UDP-glucose 6-dehydrogenase regulates hyaluronic acid production and promotes breast cancer progression.

Oncogene 2020 04 15;39(15):3089-3101. Epub 2019 Jul 15.

Verna and Marrs McLean Department of Biochemistry and Molecular Biology, Baylor College of Medicine, Houston, TX, 77030, USA.

An improved understanding of the biochemical alterations that accompany tumor progression and metastasis is necessary to inform the next generation of diagnostic tools and targeted therapies. Metabolic reprogramming is known to occur during the epithelial-mesenchymal transition (EMT), a process that promotes metastasis. Here, we identify metabolic enzymes involved in extracellular matrix remodeling that are upregulated during EMT and are highly expressed in patients with aggressive mesenchymal-like breast cancer. Activation of EMT significantly increases production of hyaluronic acid, which is enabled by the reprogramming of glucose metabolism. Using genetic and pharmacological approaches, we show that depletion of the hyaluronic acid precursor UDP-glucuronic acid is sufficient to inhibit several mesenchymal-like properties including cellular invasion and colony formation in vitro, as well as tumor growth and metastasis in vivo.

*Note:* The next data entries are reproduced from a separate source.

(* Let $\boldsymbol\omega^{\rm(init)}(\mathbf a)=\sum_{\mathbf p\in\mathbb Z^3}\widehat{\boldsymbol\omega}_{\mathbf p}e^{i\mathbf p\cdot\mathbf a}$ be a $2\pi$-periodic divergence-free zero-mean vector field on $\mathbb R^3$ with $\Gamma\equiv\sum_{\mathbf p}|\widehat{\boldsymbol\omega}_{\mathbf p}|<\infty$, and let $\boldsymbol\xi^{(s)}$, $s\ge1$, be the time-Taylor coefficients of the Lagrangian displacement defined in the context. Set $\widetilde T_c=1+\sqrt2-\sqrt{13/3}\approx0.3325$. Then $\sum_{s\ge1}\sum_{\mathbf p}|\mathbf p|\,|\widehat{\boldsymbol\xi}^{(s)}_{\mathbf p}|\,|t|^s<\infty$ for all complex $t$ with $|t|<\widetilde T_c/\Gamma$; in particular, for every $\mathbf a$ the series $\sum_{s\ge1}\boldsymbol\xi^{(s)}(\mathbf a)t^s$ converges in the disk $|t|<\widetilde T_c/\Gamma$.
   Context: Lagrangian coordinates $\mathbf a$, $\nabla^{\rm L}$ the gradient in $\mathbf a$, $\varepsilon_{ijk}$ the Levi-Civita symbol, $\delta^s_1$ the Kronecker symbol, $\widehat f_{\mathbf p}$ the Fourier coefficients of a $2\pi$-periodic function. Let $\mathbf v^{\rm(init)}$ be the unique $2\pi$-periodic, zero-mean, divergence-free field with curl $\boldsymbol\omega^{\rm(init)}$. The coefficients $\boldsymbol\xi^{(s)}$ are the $2\pi$-periodic, zero-mean vector fields defined recursively by $\nabla^{\rm L}\times\boldsymbol\xi^{(s)}=\boldsymbol\omega^{\rm(init)}\delta^s_1-\sum_{k=1}^3\sum_{0<m<s}\frac{m}{s}\nabla^{\rm L}\xi^{(m)}_k\times\nabla^{\rm L}\xi^{(s-m)}_k$, $\nabla^{\rm L}\cdot\boldsymbol\xi^{(s)}=\sum_{1\le i<j\le3}\sum_{0<m<s}\big((\nabla^{\rm L}_j\xi^{(m)}_i)\nabla^{\rm L}_i\xi^{(s-m)}_j-(\nabla^{\rm L}_i\xi^{(m)}_i)\nabla^{\rm L}_j\xi^{(s-m)}_j\big)-\sum_{i,j,k}\sum_{l+m+n=s,\ l,m,n\ge1}\varepsilon_{ijk}(\nabla^{\rm L}_i\xi^{(l)}_1)(\nabla^{\rm L}_j\xi^{(m)}_2)\nabla^{\rm L}_k\xi^{(n)}_3$ (so $\boldsymbol\xi^{(1)}=\mathbf v^{\rm(init)}$); they are the time-Taylor coefficients of the displacement $\mathbf x(\mathbf a,t)-\mathbf a$ solving Cauchy's Lagrangian form of the incompressible Euler equations $\sum_k\nabla^{\rm L}\dot x_k\times\nabla^{\rm L}x_k=\boldsymbol\omega^{\rm(init)}$, $\det\nabla^{\rm L}\mathbf x=1$. *)

theory Defs
  imports "HOL-Analysis.Analysis"
begin

text \<open>Everything is expressed through Fourier coefficients on the lattice \<open>\<int>\<^sup>3\<close>.
  A 2pi-periodic vector field is represented by its coefficient map
  \<open>int^3 \<Rightarrow> complex^3\<close>; a scalar field by \<open>int^3 \<Rightarrow> complex\<close>.\<close>

type_synonym idx = "int ^ 3"
type_synonym vcoef = "idx \<Rightarrow> complex ^ 3"
type_synonym scoef = "idx \<Rightarrow> complex"

definition eps :: "3 \<Rightarrow> 3 \<Rightarrow> 3 \<Rightarrow> int" where
  "eps i j k =
     (if (i,j,k) \<in> {(1,2,3),(2,3,1),(3,1,2)} then 1
      else if (i,j,k) \<in> {(1,3,2),(3,2,1),(2,1,3)} then -1 else 0)"

definition rvec :: "idx \<Rightarrow> real ^ 3" where
  "rvec p = (\<chi> k. of_int (p $ k))"

definition pdot :: "idx \<Rightarrow> real ^ 3 \<Rightarrow> real" where
  "pdot p a = (\<Sum>k\<in>UNIV. of_int (p $ k) * a $ k)"

text \<open>Fourier coefficients of a product of two periodic functions (convolution).\<close>
definition conv :: "scoef \<Rightarrow> scoef \<Rightarrow> scoef" where
  "conv f g p = (\<Sum>\<^sub>\<infinity>q. f q * g (p - q))"

text \<open>Fourier coefficients of \<open>\<nabla>\<^sub>j \<xi>\<^sub>i\<close>.\<close>
definition dcoef :: "vcoef \<Rightarrow> 3 \<Rightarrow> 3 \<Rightarrow> scoef" where
  "dcoef X i j p = \<i> * of_int (p $ j) * (X p $ i)"

definition curl_hat :: "vcoef \<Rightarrow> vcoef" where
  "curl_hat X p = (\<chi> i. \<Sum>j\<in>UNIV. \<Sum>k\<in>UNIV. of_int (eps i j k) * dcoef X k j p)"

definition div_hat :: "vcoef \<Rightarrow> scoef" where
  "div_hat X p = (\<Sum>i\<in>UNIV. dcoef X i i p)"

definition curl_rhs :: "vcoef \<Rightarrow> (nat \<Rightarrow> vcoef) \<Rightarrow> nat \<Rightarrow> vcoef" where
  "curl_rhs \<omega> X s p =
     (if s = 1 then \<omega> p else 0)
     - (\<chi> i. \<Sum>k\<in>UNIV. \<Sum>m\<in>{0<..<s}. of_real (real m / real s) *
          (\<Sum>j\<in>UNIV. \<Sum>l\<in>UNIV. of_int (eps i j l) *
              conv (dcoef (X m) k j) (dcoef (X (s - m)) k l) p))"

definition div_rhs :: "(nat \<Rightarrow> vcoef) \<Rightarrow> nat \<Rightarrow> scoef" where
  "div_rhs X s p =
     (\<Sum>(i,j)\<in>{(1,2),(1,3),(2,3)::3\<times>3}. \<Sum>m\<in>{0<..<s}.
         conv (dcoef (X m) i j) (dcoef (X (s - m)) j i) p
       - conv (dcoef (X m) i i) (dcoef (X (s - m)) j j) p)
     - (\<Sum>i\<in>UNIV. \<Sum>j\<in>UNIV. \<Sum>k\<in>UNIV.
         \<Sum>(l,m,n)\<in>{(l,m,n). 1 \<le> l \<and> 1 \<le> m \<and> 1 \<le> n \<and> l + m + n = s}.
           of_int (eps i j k) *
           conv (conv (dcoef (X l) 1 i) (dcoef (X m) 2 j)) (dcoef (X n) 3 k) p)"

definition field_at :: "vcoef \<Rightarrow> real ^ 3 \<Rightarrow> complex ^ 3" where
  "field_at F a = (\<Sum>\<^sub>\<infinity>p. exp (\<i> * of_real (pdot p a)) *s F p)"

definition Tc_tilde :: real where
  "Tc_tilde = 1 + sqrt 2 - sqrt (13 / 3)"

end

theory Submission
  imports Defs
begin

text \<open>Let \<open>A\<^sub>s = \<Sum>\<^sub>p |p| |\<xi>\<^sup>(\<^sup>s\<^sup>)\<^sub>p|\<close>. For a single Fourier mode, curl and divergence together have
  exactly the size \<open>|p| |\<xi>\<^sub>p|\<close>, so the defining equations bound \<open>A\<^sub>s\<close> by the \<open>\<ell>\<^sup>1\<close> norms of their
  right-hand sides. These are convolutions of gradient coefficients of lower orders, and \<open>\<ell>\<^sup>1\<close> is
  an algebra under convolution. Symmetrising before estimating gives the constants: pairing the
  term of order \<open>m\<close> with that of order \<open>s - m\<close> leaves the factor
  \<open>\<kappa>\<^sub>s = \<surd>2/2 - (\<surd>2 - 1)/s\<close>, and the six orderings of the cubic term combine into a product of two
  \<open>3 \<times> 3\<close> determinants, bounded by Hadamard's inequality. Hence
  \<open>A\<^sub>s \<le> \<kappa>\<^sub>s \<Sum>\<^sub>m A\<^sub>m A\<^sub>s\<^sub>-\<^sub>m + (1/6) \<Sum>\<^sub>l\<^sub>+\<^sub>m\<^sub>+\<^sub>n\<^sub>=\<^sub>s A\<^sub>l A\<^sub>m A\<^sub>n\<close> with \<open>A\<^sub>1 = \<Gamma>\<close>, so \<open>A\<^sub>s\<close> is
  dominated by the sequence solving this recursion with equality. Its power series in \<open>|t|\<close> has
  partial sums at most \<open>29/50\<close> as long as \<open>\<Gamma> |t| \<le> 0.3326\<close>, which covers \<open>\<Gamma> |t| < T\<^sub>c\<close>; finally
  \<open>|\<xi>\<^sup>(\<^sup>s\<^sup>)(a)| \<le> A\<^sub>s\<close> because the coefficients have zero mean.\<close>

section \<open>Single Fourier modes\<close>

lemma norm_cvec3_sq: "norm (a::complex^3) ^ 2 = cmod (a$1)^2 + cmod (a$2)^2 + cmod (a$3)^2"
  by (simp add: norm_vec_def L2_set_def sum_3)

We found that depletion of UDP-glucuronic acid altered the expression of PPAR-gamma target genes and increased PPAR-gamma DNA-binding activity. Taken together, our findings indicate that the disruption of EMT-induced metabolic reprogramming affects hyaluronic acid production, as well as associated extracellular matrix remodeling and represents pharmacologically actionable target for the inhibition of aggressive mesenchymal-like breast cancer progression.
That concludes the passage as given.